Segment Start: SUPPLIED ENTRIES
(* Let $\mathscr D:\mathscr N=\mathscr N_1\cup\cdots\cup\mathscr N_k$ be a pairwise min-max decomposition of a chemical reaction network $\mathscr N$ such that every linkage class of $\mathscr N$ contains at most one common complex. Then $\mathscr D$ is incidence independent.
   Context: A CRN $\mathscr N=(\mathscr S,\mathscr C,\mathscr R)$ is viewed as a directed graph on its complexes with arcs its reactions; linkage classes are the connected components of the underlying undirected graph. A decomposition $\mathscr N=\mathscr N_1\cup\cdots\cup\mathscr N_k$ ($k\ge2$) is given by a partition $\{\mathscr R_1,\dots,\mathscr R_k\}$ of the reaction set; the subnetwork $\mathscr N_i$ has reactions $\mathscr R_i$ and complex set $\mathscr C_i$ consisting of the complexes occurring in reactions of $\mathscr R_i$. The set $\mathscr C_{\mathscr D}$ of common complexes consists of the complexes lying in the complex sets of at least two distinct subnetworks. The decomposition is pairwise min-max (PMM) if for all $i\ne j$, either $\mathscr C_i\cap\mathscr C_j=\varnothing$ or $\mathscr C_i\cap\mathscr C_j=\mathscr C_{\mathscr D}$. With $n,\ell$ the numbers of complexes and linkage classes of $\mathscr N$ and $n_i,\ell_i$ those of $\mathscr N_i$, the decomposition is incidence independent if the image of the incidence map of $\mathscr N$ (the linear map $\mathbb R^{\mathscr R}\to\mathbb R^{\mathscr C}$ sending a reaction $y\to y'$ to $\omega_{y'}-\omega_y$) is the direct sum of the images of the incidence maps of the $\mathscr N_i$, equivalently $n-\ell=\sum_i(n_i-\ell_i)$. *)

theory Defs
  imports Complex_Main
begin

text \<open>A chemical reaction network is viewed as a directed graph on its complexes
(of an arbitrary type 'c, e.g. nonnegative integer vectors over the species);
a reaction y \<rightarrow> y' is the pair (y, y'). Only the reaction set is needed:
the complex set consists of the complexes occurring in reactions.\<close>

definition complexes :: "('c \<times> 'c) set \<Rightarrow> 'c set" where
  "complexes R = fst ` R \<union> snd ` R"

definition crn :: "('c \<times> 'c) set \<Rightarrow> bool" where
  "crn R \<longleftrightarrow> finite R \<and> (\<forall>(y, y') \<in> R. y \<noteq> y')"

definition linked :: "('c \<times> 'c) set \<Rightarrow> 'c \<Rightarrow> 'c \<Rightarrow> bool" where
  "linked R x y \<longleftrightarrow> (x, y) \<in> (R \<union> R\<inverse>)\<^sup>*"

definition linkage_classes :: "('c \<times> 'c) set \<Rightarrow> 'c set set" where
  "linkage_classes R = {{y \<in> complexes R. linked R x y} | x. x \<in> complexes R}"

definition incidence_map :: "('c \<times> 'c) set \<Rightarrow> (('c \<times> 'c) \<Rightarrow> real) \<Rightarrow> 'c \<Rightarrow> real" where
  "incidence_map R a = (\<lambda>c. \<Sum>r\<in>R. a r *
      ((if c = snd r then 1 else 0) - (if c = fst r then 1 else 0)))"

definition incidence_image :: "('c \<times> 'c) set \<Rightarrow> ('c \<Rightarrow> real) set" where
  "incidence_image R = range (incidence_map R)"

definition decomposition :: "('c \<times> 'c) set \<Rightarrow> nat \<Rightarrow> (nat \<Rightarrow> ('c \<times> 'c) set) \<Rightarrow> bool" where
  "decomposition R k Rs \<longleftrightarrow> k \<ge> 2 \<and> (\<forall>i<k. Rs i \<noteq> {}) \<and>
     (\<Union>i<k. Rs i) = R \<and> (\<forall>i<k. \<forall>j<k. i \<noteq> j \<longrightarrow> Rs i \<inter> Rs j = {})"

definition common_complexes :: "nat \<Rightarrow> (nat \<Rightarrow> ('c \<times> 'c) set) \<Rightarrow> 'c set" where
  "common_complexes k Rs =
     {c. \<exists>i<k. \<exists>j<k. i \<noteq> j \<and> c \<in> complexes (Rs i) \<and> c \<in> complexes (Rs j)}"

definition pmm :: "nat \<Rightarrow> (nat \<Rightarrow> ('c \<times> 'c) set) \<Rightarrow> bool" where
  "pmm k Rs \<longleftrightarrow> (\<forall>i<k. \<forall>j<k. i \<noteq> j \<longrightarrow>
     complexes (Rs i) \<inter> complexes (Rs j) = {} \<or>
     complexes (Rs i) \<inter> complexes (Rs j) = common_complexes k Rs)"

definition incidence_independent ::
  "('c \<times> 'c) set \<Rightarrow> nat \<Rightarrow> (nat \<Rightarrow> ('c \<times> 'c) set) \<Rightarrow> bool" where
  "incidence_independent R k Rs \<longleftrightarrow>
     incidence_image R =
       {(\<lambda>c. \<Sum>i<k. v i c) | v. \<forall>i<k. v i \<in> incidence_image (Rs i)} \<and>
     (\<forall>v. (\<forall>i<k. v i \<in> incidence_image (Rs i)) \<and> (\<lambda>c. \<Sum>i<k. v i c) = (\<lambda>c. 0)
          \<longrightarrow> (\<forall>i<k. v i = (\<lambda>c. 0)))"

end

theory Submission
  imports Defs
begin

text \<open>Let \<open>v\<^sub>i \<in> Im(incidence of \<N>\<^sub>i)\<close> sum to zero. Each \<open>v\<^sub>i\<close> vanishes
off the complexes of \<open>\<N>\<^sub>i\<close>, so at a complex lying in a single subnetwork the sum has
one term and \<open>v\<^sub>i\<close> vanishes there. Every reaction stays inside one linkage class \<open>L\<close>
of \<open>\<N>\<close>, hence the entries of \<open>v\<^sub>i\<close> over \<open>L\<close> sum to zero; as \<open>L\<close> contains at most
one common complex and \<open>v\<^sub>i\<close> vanishes at all the other complexes of \<open>L\<close>, it vanishes
at that one too. That the images add up is just additivity of the incidence map over the
partition of the reactions.\<close>

lemma incidence_map_UN_disjoint:
  assumes "finite I" "\<forall>i\<in>I. finite (Rs i)"
    and "\<forall>i\<in>I. \<forall>j\<in>I. i \<noteq> j \<longrightarrow> Rs i \<inter> Rs j = {}"
  shows "incidence_map (\<Union>i\<in>I. Rs i) a c = (\<Sum>i\<in>I. incidence_map (Rs i) a c)"
  unfolding incidence_map_def by (subst sum.UNION_disjoint[OF assms]) simp

lemma incidence_image_UN_disjoint:
  assumes "finite I" "\<forall>i\<in>I. finite (Rs i)"
    and disjoint: "\<forall>i\<in>I. \<forall>j\<in>I. i \<noteq> j \<longrightarrow> Rs i \<inter> Rs j = {}"
  shows "incidence_image (\<Union>i\<in>I. Rs i) =
    {(\<lambda>c. \<Sum>i\<in>I. v i c) | v. \<forall>i\<in>I. v i \<in> incidence_image (Rs i)}"
proof (intro equalityI subsetI)
  fix w assume "w \<in> incidence_image (\<Union>i\<in>I. Rs i)"
  then obtain a where "w = incidence_map (\<Union>i\<in>I. Rs i) a"
    unfolding incidence_image_def by auto
  then have "w = (\<lambda>c. \<Sum>i\<in>I. incidence_map (Rs i) a c)"
    using incidence_map_UN_disjoint[OF assms] by auto
  then show "w \<in> {(\<lambda>c. \<Sum>i\<in>I. v i c) | v. \<forall>i\<in>I. v i \<in> incidence_image (Rs i)}"
    unfolding incidence_image_def by auto
next
  fix w assume "w \<in> {(\<lambda>c. \<Sum>i\<in>I. v i c) | v. \<forall>i\<in>I. v i \<in> incidence_image (Rs i)}"
  then obtain v where w: "w = (\<lambda>c. \<Sum>i\<in>I. v i c)"
    and v: "\<forall>i\<in>I. v i \<in> incidence_image (Rs i)" by auto
  have "\<forall>i\<in>I. \<exists>b. v i = incidence_map (Rs i) b"
    using v unfolding incidence_image_def by auto
  then obtain b where b: "\<And>i. i \<in> I \<Longrightarrow> v i = incidence_map (Rs i) (b i)" by metis
  \<comment> \<open>the subnetworks share no reactions, so their rate vectors glue together\<close>
  define a where "a r = (\<Sum>i\<in>I. if r \<in> Rs i then b i r else 0)" for r
  have a_eq: "a r = b i r" if "i \<in> I" "r \<in> Rs i" for i r
  proof -
    have "a r = (\<Sum>j\<in>{i}. if r \<in> Rs j then b j r else 0)"
      unfolding a_def using that disjoint assms(1) by (intro sum.mono_neutral_right) auto
    then show ?thesis using that by simp
  qed
  have "v i = incidence_map (Rs i) a" if "i \<in> I" for i
    unfolding b[OF that] incidence_map_def using a_eq[OF that] by (intro ext sum.cong) auto
  then have "w = incidence_map (\<Union>i\<in>I. Rs i) a"
    using w incidence_map_UN_disjoint[OF assms] by auto
  then show "w \<in> incidence_image (\<Union>i\<in>I. Rs i)" unfolding incidence_image_def by auto
qed

lemma incidence_image_vanishes_outside_complexes:
  assumes "v \<in> incidence_image S" "c \<notin> complexes S"
  shows "v c = 0"
proof -
  obtain a where "v = incidence_map S a" using assms(1) unfolding incidence_image_def by auto
  moreover have "\<forall>r\<in>S. c \<noteq> fst r \<and> c \<noteq> snd r" using assms(2) unfolding complexes_def by force
  ultimately show ?thesis unfolding incidence_map_def by simp
qed

lemma sum_incidence_map_closed_set:
  assumes "finite S" "finite L" "\<forall>r\<in>S. fst r \<in> L \<longleftrightarrow> snd r \<in> L"
  shows "(\<Sum>c\<in>L. incidence_map S a c) = 0"
proof -
  have "(\<Sum>c\<in>L. incidence_map S a c) = (\<Sum>r\<in>S. \<Sum>c\<in>L. a r *
      ((if c = snd r then 1 else 0) - (if c = fst r then 1 else 0)))"
    unfolding incidence_map_def by (rule sum.swap)
  also have "\<dots> = (\<Sum>r\<in>S. a r *
      ((\<Sum>c\<in>L. if c = snd r then 1 else 0) - (\<Sum>c\<in>L. if c = fst r then 1 else 0)))"
    by (simp add: sum_distrib_left[symmetric] sum_subtractf)
  also have "\<dots> = 0" using assms(2,3) by (intro sum.neutral) (simp add: sum.delta)
  finally show ?thesis .
qed

lemma finite_complexes: "finite R \<Longrightarrow> finite (complexes R)"
  unfolding complexes_def by simp

lemma complexes_mono: "S \<subseteq> R \<Longrightarrow> complexes S \<subseteq> complexes R"
  unfolding complexes_def by auto

lemma linkage_class_subset_complexes: "L \<in> linkage_classes R \<Longrightarrow> L \<subseteq> complexes R"
  unfolding linkage_classes_def by auto

lemma linkage_class_closed:
  assumes "L \<in> linkage_classes R" "r \<in> R"
  shows "fst r \<in> L \<longleftrightarrow> snd r \<in> L"
proof -
  obtain x where L: "L = {y \<in> complexes R. linked R x y}"
    using assms(1) unfolding linkage_classes_def by auto
  have "fst r \<in> complexes R" "snd r \<in> complexes R"
    using assms(2) unfolding complexes_def by auto
  moreover have "(fst r, snd r) \<in> (R \<union> R\<inverse>)\<^sup>*" "(snd r, fst r) \<in> (R \<union> R\<inverse>)\<^sup>*"
    using assms(2) by (auto intro!: r_into_rtrancl)
  then have "(x, fst r) \<in> (R \<union> R\<inverse>)\<^sup>* \<longleftrightarrow> (x, snd r) \<in> (R \<union> R\<inverse>)\<^sup>*"
    using rtrancl_trans by metis
  ultimately show ?thesis unfolding L linked_def by simp
qed

lemma linkage_class_of_complex:
  assumes "c \<in> complexes R"
  obtains L where "L \<in> linkage_classes R" "c \<in> L"
proof
  show "{y \<in> complexes R. linked R c y} \<in> linkage_classes R"
    unfolding linkage_classes_def using assms by auto
  show "c \<in> {y \<in> complexes R. linked R c y}"
    unfolding linked_def using assms by auto
qed

lemma incidence_image_vanishes_on_linkage_class:
  assumes "finite R" "S \<subseteq> R" "v \<in> incidence_image S"
    and "L \<in> linkage_classes R" "c \<in> L" "\<forall>y\<in>L. y \<noteq> c \<longrightarrow> v y = 0"
  shows "v c = 0"
proof -
  obtain a where a: "v = incidence_map S a" using assms(3) unfolding incidence_image_def by auto
  have "finite L"
    using finite_complexes[OF assms(1)] linkage_class_subset_complexes[OF assms(4)]
    by (rule finite_subset[rotated])
  have "finite S" using assms(1,2) by (rule finite_subset[rotated])
  have "fst r \<in> L \<longleftrightarrow> snd r \<in> L" if "r \<in> S" for r
    using linkage_class_closed[OF assms(4)] assms(2) that by blast
  then have "(\<Sum>y\<in>L. v y) = 0"
    unfolding a using sum_incidence_map_closed_set[OF \<open>finite S\<close> \<open>finite L\<close>] by blast
  moreover have "(\<Sum>y\<in>L. v y) = (\<Sum>y\<in>{c}. v y)"
    using assms(5,6) by (intro sum.mono_neutral_right[OF \<open>finite L\<close>]) auto
  ultimately show ?thesis by simp
qed

lemma incidence_image_vanishes_at_private_complex:
  assumes "\<forall>j<k. v j \<in> incidence_image (Rs j)" "(\<Sum>j<k. v j c) = 0"
    and "i < k" "c \<notin> common_complexes k Rs"
  shows "v i c = 0"
proof (cases "c \<in> complexes (Rs i)")
  case False
  with assms(1,3) show ?thesis by (intro incidence_image_vanishes_outside_complexes) auto
next
  case True
  have "c \<notin> complexes (Rs j)" if "j < k" "j \<noteq> i" for j
    using True assms(3,4) that unfolding common_complexes_def by auto
  then have "v j c = 0" if "j < k" "j \<noteq> i" for j
    using assms(1) that by (intro incidence_image_vanishes_outside_complexes) auto
  then have "(\<Sum>j<k. v j c) = (\<Sum>j\<in>{i}. v j c)"
    using assms(3) by (intro sum.mono_neutral_right) auto
  then show ?thesis using assms(2) by simp
qed

lemma incidence_images_independent:
  assumes "finite R" "\<forall>i<k. Rs i \<subseteq> R"
    and one_common: "\<forall>L \<in> linkage_classes R. card (L \<inter> common_complexes k Rs) \<le> 1"
    and v: "\<forall>i<k. v i \<in> incidence_image (Rs i)" and sum_zero: "(\<lambda>c. \<Sum>i<k. v i c) = (\<lambda>c. 0)"
  shows "\<forall>i<k. v i = (\<lambda>c. 0)"
proof (intro allI impI ext)
  fix i c assume "i < k"
  have off_common: "v i y = 0" if "y \<notin> common_complexes k Rs" for y
  proof (rule incidence_image_vanishes_at_private_complex[OF v _ \<open>i < k\<close> that])
    show "(\<Sum>j<k. v j y) = 0" using fun_cong[OF sum_zero, of y] by simp
  qed
  show "v i c = 0"
  proof (cases "c \<in> complexes (Rs i) \<and> c \<in> common_complexes k Rs")
    case False
    with off_common v \<open>i < k\<close> show ?thesis
      by (auto intro: incidence_image_vanishes_outside_complexes)
  next
    case True
    then have "c \<in> complexes R" using complexes_mono assms(2) \<open>i < k\<close> by blast
    then obtain L where L: "L \<in> linkage_classes R" "c \<in> L" by (rule linkage_class_of_complex)
    have "finite (L \<inter> common_complexes k Rs)"
      using finite_complexes[OF assms(1)] linkage_class_subset_complexes[OF L(1)]
      by (auto intro: finite_subset)
    moreover have "card (L \<inter> common_complexes k Rs) \<le> 1" using one_common L(1) by blast
    ultimately have "y = c" if "y \<in> L" "y \<in> common_complexes k Rs" for y
      using L(2) True that by (auto simp: card_le_Suc0_iff_eq)
    then have "\<forall>y\<in>L. y \<noteq> c \<longrightarrow> v i y = 0" using off_common by blast
    moreover have "Rs i \<subseteq> R" "v i \<in> incidence_image (Rs i)" using assms(2) v \<open>i < k\<close> by auto
    ultimately show ?thesis
      using incidence_image_vanishes_on_linkage_class[OF assms(1) _ _ L] by blast
  qed
qed

theorem proposition6:
  fixes R :: "('c \<times> 'c) set" and k :: nat and Rs :: "nat \<Rightarrow> ('c \<times> 'c) set"
  assumes "crn R"
    and "decomposition R k Rs"
    and "pmm k Rs"
    and "\<forall>L \<in> linkage_classes R. card (L \<inter> common_complexes k Rs) \<le> 1"
  shows "incidence_independent R k Rs"
proof -
  have "finite R" using assms(1) unfolding crn_def by auto
  have R: "R = (\<Union>i<k. Rs i)" and disjoint: "\<forall>i<k. \<forall>j<k. i \<noteq> j \<longrightarrow> Rs i \<inter> Rs j = {}"
    using assms(2) unfolding decomposition_def by auto
  then have sub: "\<forall>i<k. Rs i \<subseteq> R" by auto
  then have "\<forall>i<k. finite (Rs i)" using \<open>finite R\<close> finite_subset by blast
  then have "incidence_image R =
      {(\<lambda>c. \<Sum>i<k. v i c) | v. \<forall>i<k. v i \<in> incidence_image (Rs i)}"
    using incidence_image_UN_disjoint[of "{..<k}" Rs] R disjoint by (simp add: Ball_def)
  then show ?thesis
    unfolding incidence_independent_def
    using incidence_images_independent[OF \<open>finite R\<close> sub assms(4)] by blast
qed

end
Segment End: SUPPLIED ENTRIES
TASK DETAILS. No line before the one containing "using incidence_images_independent[OF \<open>finite" belongs in the answer; give again exactly that line and all lines after it through the end of the data.

RESPONSE TO THE EXERCISE.
    using incidence_images_independent[OF \<open>finite R\<close> sub assms(4)] by blast
qed

end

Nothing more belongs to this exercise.